Results and Disussion
Diversity in PfFII region of field isolates
We observed 1 Kb amplified product in all field isolates. Region II was present in all field isolates of P. falciparum. Analysis of amino acid sequence of FII region from field isolates (Table 1) was showed that more than 98%. Sequence identity. All the cysteines and the positions of these cysteine residues in region II were also conserved. Another interesting observation was that all field isolates revealed polymorphisms at 15 amino acid positions when compared to the FII amino acid sequence of P. falciparum Malayan Camp and Indian field isolates. The present study identified 8 novel polymorphisms. In addition to the 8 novel polymorphisms, sequence diversity at seven positions namely 478, 481, 577, 584, 592, 664 and 716 were commonly present in African and Indian field isolates, which are already reported [18-19]. The non-conservative polymorphisms Asn (N) ↔ Lys (K), Ile (I) ↔ Lys (K), Lys (K) ↔ Gln (Q), Glu (E) ↔ Ala (A), Ser (S) ↔ Arg (R) were found in multiple isolates. And other polymorphisms were present in only one or two field isolates.

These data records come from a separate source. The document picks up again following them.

lemma sum_generator_eq_0_imp_coeffs_eq_0:
  assumes "finite \<S>" and zero: "\<And>\<alpha> x. (\<Sum>S\<in>\<S>. d S * generator S \<alpha> x) = 0"
  shows "\<forall>S\<in>\<S>. d S = 0"
proof -
  have weighted: "(\<Sum>S\<in>\<S>. d S * (1 + of_bool (G \<subseteq> S))) = 0" if G: "finite G" for G
  proof -
    obtain \<alpha> where \<alpha>: "L \<alpha> = G" using L_onto_finite[OF G] by blast
    obtain x where "x \<in> D \<alpha>" using D_nonempty by blast
    then show ?thesis
      using zero[of \<alpha> x] scale_ge_1[of \<alpha>] \<alpha> by (simp add: sum_generator)
  qed
  have "(\<Sum>S\<in>\<S>. d S) = 0"
    using weighted[of "{}"] by (simp add: sum_distrib_right[symmetric])
  then have "(\<Sum>S\<in>\<S>. d S * of_bool (G \<subseteq> S)) = 0" if "finite G" for G
    using weighted[OF that] by (simp add: distrib_left sum.distrib)
  with assms(1) show ?thesis
    by (rule subset_test_coeffs_eq_0)
qed

lemma finite_subset_range_generator:
  assumes "finite A" "A \<subseteq> range generator"
  shows "\<exists>\<S>. finite \<S> \<and> A = generator ` \<S> \<and>
    (\<forall>c \<alpha> x. (\<Sum>b\<in>A. c b * b \<alpha> x) = (\<Sum>S\<in>\<S>. c (generator S) * generator S \<alpha> x))"
proof -
  obtain \<S> where A: "A = generator ` \<S>"
    using assms(2) unfolding subset_image_iff by blast
  have inj: "inj_on generator \<S>"
    using inj_generator by (rule inj_on_subset) simp
  have "finite \<S>"
    using assms(1) unfolding A finite_image_iff[OF inj] .
  moreover have "(\<Sum>b\<in>A. c b * b \<alpha> x) = (\<Sum>S\<in>\<S>. c (generator S) * generator S \<alpha> x)" for c \<alpha> x
    by (rule sum.reindex_cong[OF inj A]) simp
  ultimately show ?thesis using A by blast
qed

lemma coneable_ANM_minus_ND: "coneable (Pow (UNIV :: real set)) (ANM - ND :: ('i \<Rightarrow> real \<Rightarrow> real) set)"
proof -
  have cone: "(\<lambda>\<alpha> x. \<Sum>b\<in>A. c b * b \<alpha> x) \<in> ANM - ND"
    if A_fin: "finite A" and A_ne: "A \<noteq> {}" and A_sub: "A \<subseteq> range generator"
      and sign: "(\<forall>b\<in>A. 0 < c b) \<or> (\<forall>b\<in>A. c b < 0)" for A c
  proof -
    obtain \<S> where "finite \<S>" and A: "A = generator ` \<S>"
      and sum: "\<And>c \<alpha> x. (\<Sum>b\<in>A. c b * b \<alpha> x) = (\<Sum>S\<in>\<S>. c (generator S) * generator S \<alpha> x)"
      using finite_subset_range_generator[OF A_fin A_sub] by blast
    have "(\<lambda>\<alpha> x. \<Sum>S\<in>\<S>. c (generator S) * generator S \<alpha> x) \<in> ANM - ND"
    proof (rule sum_generator_in_ANM_minus_ND)
      show "finite \<S>" by fact
      show "\<S> \<noteq> {}" using A_ne A by blast
      show "(\<forall>S\<in>\<S>. 0 < c (generator S)) \<or> (\<forall>S\<in>\<S>. c (generator S) < 0)"
        using sign A by blast
    qed
    then show ?thesis by (simp only: sum)
  qed
  have "range generator \<subseteq> ANM - ND"
  proof
    fix b assume "b \<in> range generator"
    with cone[of "{b}" "\<lambda>_. 1"] show "b \<in> ANM - ND" by simp
  qed
  moreover have "lin_indep (range generator)"
    unfolding lin_indep_def
  proof (intro allI impI)
    fix A c assume A: "finite A \<and> A \<subseteq> range generator \<and> (\<forall>\<alpha> x. (\<Sum>b\<in>A. c b * b \<alpha> x) = 0)"
    then obtain \<S> where "finite \<S>" and A_eq: "A = generator ` \<S>"
      and sum: "\<And>c \<alpha> x. (\<Sum>b\<in>A. c b * b \<alpha> x) = (\<Sum>S\<in>\<S>. c (generator S) * generator S \<alpha> x)"
      using finite_subset_range_generator[of A] by blast
    have "\<forall>S\<in>\<S>. c (generator S) = 0"
      using \<open>finite \<S>\<close> by (rule sum_generator_eq_0_imp_coeffs_eq_0) (use A in \<open>simp add: sum\<close>)
    then show "\<forall>b\<in>A. c b = 0" using A_eq by blast
  qed
  moreover have "ordIso2 (card_of (range generator)) (card_of (Pow (UNIV :: real set)))"
  proof -
    have "bij_betw generator UNIV (range generator)"
      using inj_generator by (simp add: bij_betw_def)
    then have "ordIso2 (card_of (UNIV :: real set set)) (card_of (range generator))"
      using card_of_ordIso by blast
    then show ?thesis unfolding Pow_UNIV by (rule ordIso_symmetric)
  qed
  ultimately show ?thesis
    unfolding coneable_def pos_coneable_def neg_coneable_def
    by (intro conjI exI[of _ "range generator"] allI impI) (use cone in blast)+
qed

Allelic diversity in MSP typing
The population diversity was found in field isolates of P. falciparum namely C003, C032, C034, C044 and SE011. Three different pattern of genotype were observed (Table 2). K1 allele of MSP1 gene, 3D7 and FC27 alleles of MSP2 gene were observed in C032 and C034. C044 had K1, MAD20 and RO33 alleles of MSP1 and 3D7 allele of MSP2 gene. C003 and SE011 had K1, MAD20 and RO33 alleles of MSP1 gene and 3D7 and FC27 alleles of MSP2 gene. This suggested that the sampled patients had mixed infection.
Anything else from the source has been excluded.